lemma Tminus_YBE:
  assumes rel: "c3 * (c1 + c2 - vdiff) = c1 * c2" and i: "1 \<le> i" "i + 2 \<le> n"
  shows "Tminus n k i c1 (Tminus n k (i + 1) c3 (Tminus n k i c2 m))
       = Tminus n k (i + 1) c2 (Tminus n k i c3 (Tminus n k (i + 1) c1 m))"
proof
  fix x
  show "Tminus n k i c1 (Tminus n k (i + 1) c3 (Tminus n k i c2 m)) x
      = Tminus n k (i + 1) c2 (Tminus n k i c3 (Tminus n k (i + 1) c1 m)) x"
  proof (cases "x \<in> Eset n k")
    case False
    then show ?thesis by (simp add: Tminus_def Tact_outside)
  next
    case True
    obtain xs a b c ys where x: "x = xs @ a # b # c # ys" "length xs = i - 1"
      by (rule split_at_window3[of "i - 1" x]) (use i True in \<open>auto simp: Eset_length\<close>)
    have i1: "i = Suc (length xs)" and i2: "i + 1 = Suc (Suc (length xs))" using x i by auto
    define w where "w = inverse V"
    have vw: "V * w = 1" by (simp add: w_def)
    from rel have rel': "c3 * (c1 + c2 - (V - w)) = c1 * c2" by (simp add: w_def)
    txt \<open>The two constant windows are identities without hypotheses, where \<open>algebra\<close> fails if given any.\<close>
    from True show ?thesis unfolding x(1) Tminus_def
      by (simp only: Tact_at[OF i1] Tact_at2[OF i2] flip: w_def)
        (induct a; induct b; induct c; simp add: Eset_def; thin_tac "_ \<and> _"; (algebra | use rel' vw in algebra))
  qed
qed

lemma Tminus_commute:
  assumes "1 \<le> i" "i + 2 \<le> j" "j + 1 \<le> n"
  shows "Tminus n k i c (Tminus n k j d m) = Tminus n k j d (Tminus n k i c m)"
proof
  fix x
  show "Tminus n k i c (Tminus n k j d m) x = Tminus n k j d (Tminus n k i c m) x"
  proof (cases "x \<in> Eset n k")
    case False
    then show ?thesis by (simp add: Tminus_def Tact_outside algebra_simps)
  next
    case True
    obtain xs a b zs a' b' ys where x: "x = xs @ a # b # zs @ a' # b' # ys"
        "length xs = i - 1" "length zs = j - i - 2"
      by (rule split_at_two_windows[of "i - 1" "j - 1" x]) (use assms True in \<open>auto simp: Eset_length\<close>)
    have i1: "i = Suc (length xs)" and j1: "j = length xs + length zs + 3" using x assms by auto
    from True show ?thesis unfolding x(1) Tminus_def
      by (simp only: Tact_at[OF i1] Tact_at_far[OF j1])
        (induct a; induct b; induct a'; induct b'; simp add: Eset_def algebra_simps)
  qed
qed

section \<open>Braid families and the longest element\<close>

locale braid_family =
  fixes G :: "nat \<Rightarrow> 'a \<Rightarrow> 'a" and N :: nat
  assumes braid: "1 \<le> i \<Longrightarrow> i + 1 \<le> N \<Longrightarrow> G i (G (i + 1) (G i u)) = G (i + 1) (G i (G (i + 1) u))"
    and far_commute: "1 \<le> i \<Longrightarrow> i + 2 \<le> j \<Longrightarrow> j \<le> N \<Longrightarrow> G i (G j u) = G j (G i u)"
begin

text \<open>\<open>longest m = (G\<^sub>1 \<circ> \<dots> \<circ> G\<^sub>m) \<circ> (G\<^sub>1 \<circ> \<dots> \<circ> G\<^sub>m\<^sub>-\<^sub>1) \<circ> \<dots> \<circ> G\<^sub>1\<close> follows a reduced word of the
  longest element of \<open>S\<^sub>m\<^sub>+\<^sub>1\<close>.\<close>

fun prod_up :: "nat \<Rightarrow> 'a \<Rightarrow> 'a" where
  "prod_up 0 u = u"
| "prod_up (Suc m) u = prod_up m (G (Suc m) u)"

fun prod_down :: "nat \<Rightarrow> 'a \<Rightarrow> 'a" where
  "prod_down 0 u = u"
| "prod_down (Suc m) u = G (Suc m) (prod_down m u)"

fun longest :: "nat \<Rightarrow> 'a \<Rightarrow> 'a" where
  "longest 0 u = u"
| "longest (Suc m) u = prod_up (Suc m) (longest m u)"

lemma prod_up_commute: "m + 2 \<le> j \<Longrightarrow> j \<le> N \<Longrightarrow> G j (prod_up m u) = prod_up m (G j u)"
proof (induct m arbitrary: u)
  case (Suc m)
  then have "G j (G (Suc m) u) = G (Suc m) (G j u)" by (intro far_commute[symmetric]) auto
  with Suc show ?case by simp
qed simp

lemma prod_down_commute: "m + 2 \<le> j \<Longrightarrow> j \<le> N \<Longrightarrow> G j (prod_down m u) = prod_down m (G j u)"
proof (induct m arbitrary: u)
  case (Suc m)
  then have "G j (G (Suc m) (prod_down m u)) = G (Suc m) (G j (prod_down m u))"
    by (intro far_commute[symmetric]) auto
  with Suc show ?case by simp
qed simp

lemma longest_commute: "m + 2 \<le> j \<Longrightarrow> j \<le> N \<Longrightarrow> G j (longest m u) = longest m (G j u)"
proof (induct m arbitrary: u)
  case (Suc m)
  then have "G j (prod_up (Suc m) (longest m u)) = prod_up (Suc m) (G j (longest m u))"
    by (intro prod_up_commute) auto
  with Suc show ?case by simp
qed simp

lemma prod_down_conj: "2 \<le> i \<Longrightarrow> i \<le> m \<Longrightarrow> m \<le> N \<Longrightarrow> prod_down m (G i u) = G (i - 1) (prod_down m u)"
proof (induct m arbitrary: u)
  case (Suc m)
  show ?case
  proof (cases "i \<le> m")
    case True
    with Suc have "prod_down (Suc m) (G i u) = G (Suc m) (G (i - 1) (prod_down m u))" by simp
    also have "\<dots> = G (i - 1) (G (Suc m) (prod_down m u))"
      using Suc True by (intro far_commute[symmetric]) auto
    finally show ?thesis by simp
  next
    case False
    with Suc obtain m' where i: "i = Suc m" and m: "m = Suc m'" by (cases m) auto
    have "prod_down (Suc m) (G i u) = G (Suc m) (G m (prod_down m' (G (Suc m) u)))" using i m by simp
    also have "prod_down m' (G (Suc m) u) = G (Suc m) (prod_down m' u)"
      using prod_down_commute[of m' "Suc m" u] m Suc by simp
    also have "G (Suc m) (G m (G (Suc m) (prod_down m' u))) = G m (G (Suc m) (G m (prod_down m' u)))"
      using braid[of m "prod_down m' u"] m Suc by simp
    finally show ?thesis using i m by simp
  qed
qed simp

lemma prod_up_conj: "1 \<le> i \<Longrightarrow> i + 1 \<le> m \<Longrightarrow> m \<le> N \<Longrightarrow> prod_up m (G i u) = G (i + 1) (prod_up m u)"
proof (induct m arbitrary: u)
  case (Suc m)
  show ?case
  proof (cases "i + 1 \<le> m")
    case True
    have "prod_up (Suc m) (G i u) = prod_up m (G (Suc m) (G i u))" by simp
    also have "G (Suc m) (G i u) = G i (G (Suc m) u)" using Suc True by (intro far_commute[symmetric]) auto
    also have "prod_up m (G i (G (Suc m) u)) = G (i + 1) (prod_up m (G (Suc m) u))" using Suc True by simp
    finally show ?thesis by simp
  next
    case False
    with Suc obtain m' where i: "i = m" and m: "m = Suc m'" by (cases m) auto
    have "prod_up (Suc m) (G i u) = prod_up m' (G m (G (Suc m) (G m u)))" using i m by simp
    also have "G m (G (Suc m) (G m u)) = G (Suc m) (G m (G (Suc m) u))" using braid[of m u] m Suc by simp
    also have "prod_up m' (G (Suc m) (G m (G (Suc m) u))) = G (Suc m) (prod_up m' (G m (G (Suc m) u)))"
      using prod_up_commute[of m' "Suc m"] m Suc by simp
    finally show ?thesis using i m by simp
  qed
qed simp

lemma longest_prod_down: "1 \<le> m \<Longrightarrow> m \<le> N \<Longrightarrow> longest m u = longest (m - 1) (prod_down m u)"
proof (induct m arbitrary: u)
  case (Suc m)
  show ?case
  proof (cases m)
    case (Suc m')
    have "longest (Suc m) u = prod_up m (G (Suc m) (longest m u))" by simp
    also have "longest m u = longest m' (prod_down m u)" using Suc.hyps Suc.prems \<open>m = Suc m'\<close> by simp
    also have "G (Suc m) (longest m' (prod_down m u)) = longest m' (G (Suc m) (prod_down m u))"
      using longest_commute[of m' "Suc m"] Suc.prems \<open>m = Suc m'\<close> by simp
    finally show ?thesis using \<open>m = Suc m'\<close> by simp
  qed simp
qed simp

lemma longest_conj: "1 \<le> i \<Longrightarrow> i \<le> m \<Longrightarrow> m \<le> N \<Longrightarrow> longest m (G i u) = G (m + 1 - i) (longest m u)"
proof (induct m arbitrary: i u)
  case (Suc m)
  show ?case
  proof (cases "i = 1")
    case True
    show ?thesis
    proof (cases "m = 0")
      case False
      have "longest (Suc m) (G 1 u) = prod_up (Suc m) (longest m (G 1 u))" by simp
      also have "longest m (G 1 u) = G m (longest m u)" using Suc False by simp
      also have "prod_up (Suc m) (G m (longest m u)) = G (Suc m) (prod_up (Suc m) (longest m u))"
        using prod_up_conj[of m "Suc m"] Suc False by simp
      finally show ?thesis using True by simp
    qed (use True in simp)
  next
    case False
    have "longest (Suc m) (G i u) = longest m (prod_down (Suc m) (G i u))"
      using longest_prod_down[of "Suc m"] Suc by simp
    also have "prod_down (Suc m) (G i u) = G (i - 1) (prod_down (Suc m) u)"
      using prod_down_conj[of i "Suc m"] Suc False by simp
    also have "longest m (G (i - 1) (prod_down (Suc m) u)) = G (m + 1 - (i - 1)) (longest m (prod_down (Suc m) u))"
      using Suc False by simp
    also have "longest m (prod_down (Suc m) u) = longest (Suc m) u"
      using longest_prod_down[of "Suc m"] Suc by simp
    finally show ?thesis using Suc False by simp
  qed
qed simp

end

locale linear_braid_family = braid_family G N
  for G :: "nat \<Rightarrow> ('x \<Rightarrow> 'r::comm_ring_1) \<Rightarrow> 'x \<Rightarrow> 'r" and N +
  assumes linear: "G i (\<lambda>x. a x + c * b x) = (\<lambda>x. G i a x + c * G i b x)"
begin

lemma G_zero: "G i (\<lambda>x. 0) = (\<lambda>x. 0)"
  using linear[of i "\<lambda>x. 0" "-1" "\<lambda>x. 0"] by (simp add: fun_eq_iff)

lemma prod_up_linear: "prod_up m (\<lambda>x. a x + c * b x) = (\<lambda>x. prod_up m a x + c * prod_up m b x)"
  by (induct m arbitrary: a b) (simp_all add: linear)

lemma longest_linear: "longest m (\<lambda>x. a x + c * b x) = (\<lambda>x. longest m a x + c * longest m b x)"
  by (induct m arbitrary: a b) (simp_all add: prod_up_linear)

lemma prod_up_zero: "prod_up m (\<lambda>x. 0) = (\<lambda>x. 0)"
  by (induct m) (simp_all add: G_zero)

lemma prod_up_scale: "prod_up m (\<lambda>x. c * b x) = (\<lambda>x. c * prod_up m b x)"
  using prod_up_linear[of m "\<lambda>x. 0" c b] by (simp add: prod_up_zero)

lemma longest_zero: "longest m (\<lambda>x. 0) = (\<lambda>x. 0)"
  using longest_linear[of m "\<lambda>x. 0" "-1" "\<lambda>x. 0"] by (simp add: fun_eq_iff)

end

interpretation Tinv: linear_braid_family "\<lambda>i. Tminus n k i vdiff" "n - 1" for n k
proof
  fix i u assume "1 \<le> i" "i + 1 \<le> n - 1"
  then show "Tminus n k i vdiff (Tminus n k (i + 1) vdiff (Tminus n k i vdiff u))
      = Tminus n k (i + 1) vdiff (Tminus n k i vdiff (Tminus n k (i + 1) vdiff u))"
    by (intro Tminus_YBE) auto
next
  fix i j u assume "1 \<le> i" "i + 2 \<le> j" "j \<le> n - 1"
  then show "Tminus n k i vdiff (Tminus n k j vdiff u) = Tminus n k j vdiff (Tminus n k i vdiff u)"
    by (intro Tminus_commute) auto
qed (rule Tminus_linear)

section \<open>An explicit bar involution on M\<close>

text \<open>\<open>rev_bar\<close> reverses sign sequences and bars coefficients; it intertwines \<open>T\<^sub>i\<close> with
  \<open>T\<^sub>n\<^sub>-\<^sub>i\<^sup>-\<^sup>1\<close>. Composing with \<open>T\<^sub>w\<^sub>0\<^sup>-\<^sup>1\<close> undoes the index flip \<open>i \<mapsto> n - i\<close>, so \<open>bar_raw\<close>
  intertwines \<open>T\<^sub>i\<close> with \<open>T\<^sub>i\<^sup>-\<^sup>1\<close>.\<close>

definition rev_bar :: "nat \<Rightarrow> nat \<Rightarrow> modM \<Rightarrow> modM" where
  "rev_bar n k m = (\<lambda>x. if x \<in> Eset n k then barQ (m (rev x)) else 0)"

definition bar_raw :: "nat \<Rightarrow> nat \<Rightarrow> modM \<Rightarrow> modM" where
  "bar_raw n k m = braid_family.longest (\<lambda>i. Tminus n k i vdiff) (n - 1) (rev_bar n k m)"

lemma rev_in_Eset [simp]: "rev x \<in> Eset n k \<longleftrightarrow> x \<in> Eset n k"
  by (simp add: Eset_def rev_filter[symmetric])

lemma rev_bar_linear: "rev_bar n k (\<lambda>x. a x + c * b x) = (\<lambda>x. rev_bar n k a x + barQ c * rev_bar n k b x)"
  by (rule ext) (simp add: rev_bar_def barQ_add barQ_mult)

lemma rev_bar_Tact:
  assumes "1 \<le> i" "i + 1 \<le> n"
  shows "rev_bar n k (Tact n k i m) = Tminus n k (n - i) vdiff (rev_bar n k m)"
proof
  fix x
  show "rev_bar n k (Tact n k i m) x = Tminus n k (n - i) vdiff (rev_bar n k m) x"
  proof (cases "x \<in> Eset n k")
    case False
    then show ?thesis by (simp add: rev_bar_def Tminus_def Tact_outside)
  next
    case True
    obtain xs a b ys where x: "x = xs @ a # b # ys" "length xs = n - i - 1"
      by (rule split_at_window[of "n - i - 1" x]) (use assms True in \<open>auto simp: Eset_length\<close>)
    have "length ys = i - 1" using x assms Eset_length[OF True] by auto
    with x assms have i1: "n - i = Suc (length xs)" and i2: "i = Suc (length (rev ys))" by auto
    from True show ?thesis unfolding x(1) rev_bar_def Tminus_def
      by (cases a; cases b)
        (simp_all add: Tact_at[OF i1] Tact_at[OF i2] Eset_def barQ_simps algebra_simps flip: rev_filter)
  qed
qed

* [WORK ORDER] Would you copy out exactly the lines above that start at the one containing "m) (prod_up m'" and end at the one containing "(G m (longest", inclusive?

* [SOLUTION TO THE EXERCISE]
    also have "prod_up m' (G (Suc m) (G m (G (Suc m) u))) = G (Suc m) (prod_up m' (G m (G (Suc m) u)))"
      using prod_up_commute[of m' "Suc m"] m Suc by simp
    finally show ?thesis using i m by simp
  qed
qed simp

lemma longest_prod_down: "1 \<le> m \<Longrightarrow> m \<le> N \<Longrightarrow> longest m u = longest (m - 1) (prod_down m u)"
proof (induct m arbitrary: u)
  case (Suc m)
  show ?case
  proof (cases m)
    case (Suc m')
    have "longest (Suc m) u = prod_up m (G (Suc m) (longest m u))" by simp
    also have "longest m u = longest m' (prod_down m u)" using Suc.hyps Suc.prems \<open>m = Suc m'\<close> by simp
    also have "G (Suc m) (longest m' (prod_down m u)) = longest m' (G (Suc m) (prod_down m u))"
      using longest_commute[of m' "Suc m"] Suc.prems \<open>m = Suc m'\<close> by simp
    finally show ?thesis using \<open>m = Suc m'\<close> by simp
  qed simp
qed simp

lemma longest_conj: "1 \<le> i \<Longrightarrow> i \<le> m \<Longrightarrow> m \<le> N \<Longrightarrow> longest m (G i u) = G (m + 1 - i) (longest m u)"
proof (induct m arbitrary: i u)
  case (Suc m)
  show ?case
  proof (cases "i = 1")
    case True
    show ?thesis
    proof (cases "m = 0")
      case False
      have "longest (Suc m) (G 1 u) = prod_up (Suc m) (longest m (G 1 u))" by simp
      also have "longest m (G 1 u) = G m (longest m u)" using Suc False by simp
      also have "prod_up (Suc m) (G m (longest m u)) = G (Suc m) (prod_up (Suc m) (longest m u))"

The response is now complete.